Here we use k-d tree to implement the nearest neighbor search algorithm. The details about k-d tree won't be discussed here. We will only briefly talk about the algorithm. In order to do nearest neighbor search, we first construct a k-d tree given a set of points. The basic operation in constructing a k-d tree is to partition the points (or coordinates) along a particular axis. First we need to find the median point when all the points are projected to the axis. With this median point, the set of points can be partitioned into two subsets. Then we choose another axis and do the partition recursively on the subsets. The axes are chosen in a round-robin way. The process is stopped when all the subsets can't be further partitioned. As seen here, the key step here is to find the median among the points in the set (or subset). Here we will use a select-based algorithm to find the median.

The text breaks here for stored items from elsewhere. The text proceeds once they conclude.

lemma edges_at_leaf:
  assumes "j \<in> {1..k-1}" "s \<in> {2..k}"
  shows "{e \<in> edges. idx j s \<in> e} = {petal j}"
proof -
  have "{j' \<in> {1..k-1}. idx j s \<in> petal j'} = {j}"
    using assms by (auto simp: petal_def idx_eq_iff)
  moreover have "idx j s \<notin> core"
    using assms three_le_k by (auto simp: core_def idx_eq_iff idx_neq_center)
  ultimately show ?thesis unfolding edges_containing by auto
qed

lemma edges_at_root:
  assumes "j \<in> {1..k-1}"
  shows "{e \<in> edges. idx j 1 \<in> e} = {petal j, core}"
proof -
  have "{j' \<in> {1..k-1}. idx j 1 \<in> petal j'} = {j}"
    using assms three_le_k by (auto simp: petal_def idx_eq_iff)
  moreover have "idx j 1 \<in> core"
    using assms by (simp add: core_def)
  ultimately show ?thesis unfolding edges_containing by auto
qed

lemma edges_at_center: "{e \<in> edges. c \<in> e} = {core}"
proof -
  have "{j \<in> {1..k-1}. c \<in> petal j} = {}"
    using idx_neq_center by (fastforce simp: petal_def)
  then show ?thesis unfolding edges_containing by (auto simp: core_def)
qed

lemma prod_petal_remove:
  assumes "j \<in> {1..k-1}" "s \<in> {1..k}"
  shows "(\<Prod>v\<in>petal j - {idx j s}. x v) = (\<Prod>t\<in>{1..k} - {s}. x (idx j t))"
proof -
  have "petal j - {idx j s} = idx j ` ({1..k} - {s})"
    using inj_on_image_set_diff[OF inj_on_petal[OF assms(1)], of "{1..k}" "{s}"] assms(2)
    by (simp add: petal_def)
  moreover have "inj_on (idx j) ({1..k} - {s})"
    using inj_on_petal[OF assms(1)] by (rule inj_on_subset) auto
  ultimately show ?thesis by (simp add: prod.reindex)
qed

lemma prod_core_remove_root:
  assumes "j \<in> {1..k-1}"
  shows "(\<Prod>v\<in>core - {idx j 1}. x v) = x c * (\<Prod>i\<in>{1..k-1} - {j}. x (idx i 1))"
proof -
  have "core - {idx j 1} = insert c ((\<lambda>i. idx i 1) ` ({1..k-1} - {j}))"
    using inj_on_image_set_diff[OF inj_on_roots, of "{1..k-1}" "{j}"] assms three_le_k
      idx_neq_center[of j 1]
    by (auto simp: core_def)
  moreover have "c \<notin> (\<lambda>i. idx i 1) ` ({1..k-1} - {j})"
    using three_le_k idx_neq_center by fastforce
  moreover have "inj_on (\<lambda>i. idx i 1) ({1..k-1} - {j})"
    using inj_on_roots by (rule inj_on_subset) auto
  ultimately show ?thesis by (simp add: prod.reindex)
qed

lemma prod_core_remove_center: "(\<Prod>v\<in>core - {c}. x v) = (\<Prod>i\<in>{1..k-1}. x (idx i 1))"
proof -
  have "core - {c} = (\<lambda>i. idx i 1) ` {1..k-1}"
    using three_le_k idx_neq_center by (fastforce simp: core_def)
  then show ?thesis using inj_on_roots by (simp add: prod.reindex)
qed

lemma lap_leaf:
  assumes "j \<in> {1..k-1}" "s \<in> {2..k}"
  shows "lap_apply k edges x (idx j s) = x (idx j s) ^ (k-1) - (\<Prod>t\<in>{1..k} - {s}. x (idx j t))"
  using prod_petal_remove[of j s x] assms
  by (simp add: lap_apply_def degree_def edges_at_leaf)

lemma lap_root:
  assumes "j \<in> {1..k-1}"
  shows "lap_apply k edges x (idx j 1) = 2 * x (idx j 1) ^ (k-1)
    - ((\<Prod>t\<in>{2..k}. x (idx j t)) + x c * (\<Prod>i\<in>{1..k-1} - {j}. x (idx i 1)))"
proof -
  have "c \<notin> petal j"
    unfolding petal_def using idx_neq_center[OF assms] by blast
  then have "petal j \<noteq> core"
    by (auto simp: core_def)
  moreover have "{1..k} - {1} = {2..k}" by auto
  ultimately show ?thesis
    unfolding lap_apply_def degree_def edges_at_root[OF assms]
    using prod_petal_remove[of j 1 x] prod_core_remove_root[OF assms, of x] assms three_le_k
    by simp
qed

lemma lap_center: "lap_apply k edges x c = x c ^ (k-1) - (\<Prod>i\<in>{1..k-1}. x (idx i 1))"
  by (simp add: lap_apply_def degree_def edges_at_center prod_core_remove_center)

lemma vertex_cases:
  assumes "v \<in> vertices"
  obtains "v = c"
    | j where "j \<in> {1..k-1}" "v = idx j 1"
    | j s where "j \<in> {1..k-1}" "s \<in> {2..k}" "v = idx j s"
proof -
  consider "v = c" | j s where "j \<in> {1..k-1}" "s \<in> {1..k}" "v = idx j s"
    using assms unfolding vertices_def by auto
  then show thesis
  proof cases
    case (2 j s)
    then have "s = 1 \<or> s \<in> {2..k}" by auto
    then show thesis using 2 that(2,3) by blast
  qed (use that(1) in blast)
qed


lemma root_indicator_eigenvector:
  fixes x :: "nat \<Rightarrow> real"
  defines "x \<equiv> \<lambda>v. if v = idx 1 1 then 1 else 0"
  assumes "v \<in> vertices"
  shows "lap_apply k edges x v = 2 * x v ^ (k - 1)"
proof -
  have index_ranges: "1 \<in> {1..k-1}" "2 \<in> {1..k-1}" "1 \<in> {1..k}" "2 \<in> {1..k}" "3 \<in> {1..k}"
    using three_le_k by auto
  have off_root: "x (idx j t) = 0" if "j \<in> {1..k-1}" "t \<in> {1..k}" "(j, t) \<noteq> (1, 1)" for j t
    using that index_ranges by (auto simp: x_def idx_eq_iff)
  have "x c = 0"
    using idx_neq_center[of 1 1] index_ranges by (auto simp: x_def)
  moreover have zero_pow: "(0::real) ^ (k - 1) = 0"
    using three_le_k by simp
  ultimately show ?thesis
  proof (cases rule: vertex_cases[OF assms(2)])
    case 1
    have roots: "(\<Prod>i\<in>{1..k-1}. x (idx i 1)) = 0"
      using off_root[of 2 1] index_ranges by (intro prod_zero bexI[of _ 2]) auto
    show ?thesis unfolding 1 lap_center roots \<open>x c = 0\<close> zero_pow by simp
  next
    case (2 j)
    have leaves: "(\<Prod>t\<in>{2..k}. x (idx j t)) = 0"
      using off_root[of j 2] 2 index_ranges by (intro prod_zero bexI[of _ 2]) auto
    show ?thesis unfolding 2 lap_root[OF 2(1)] leaves \<open>x c = 0\<close> by simp
  next
    case (3 j s)
    define t where "t = (if s = 2 then 3 else 2 :: nat)"
    have "t \<in> {1..k} - {s}" "t \<noteq> 1"
      using 3 three_le_k by (auto simp: t_def)
    then have "(\<Prod>t\<in>{1..k} - {s}. x (idx j t)) = 0"
      using off_root[of j t] 3 by (intro prod_zero bexI[of _ t]) auto
    moreover have "x (idx j s) = 0"
      using off_root[of j s] 3 by auto
    ultimately show ?thesis using 3 zero_pow by (simp add: lap_leaf del: prod_zero_iff)
  qed
qed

After the k-d tree has been constructed, the next step is to do the query. Here we only give the algorithm to find the the nearest neighbor. First, we need to locate the query point q. This process is similar to a binary search based on q's coordinates. We stop when we encounter a leaf node. Then calculate the distance between this leaf node and q. This is the current best (nearest neighbor). However, we need to move forward since the current best may not be optimal. We just rewind the recursion, go to the parent of the leaf node. Calculate the distance between this (parent) node and q. If necessary , update the current best. We also need to see if there remains some nearer neighbors in the other plane divided by this (parent) node. This can be done by checking if the circle centered at q with the radius current best across the splitting line. If yes, we need to check the other branch of this node. Basically, we repeat previous steps, searching q in that subtree. If we are done with the (parent) node, we just keep going up, check the parent of this (parent) node, until we encounter the root node. The empirical performance for a NNS in 2-d tree is O(logn).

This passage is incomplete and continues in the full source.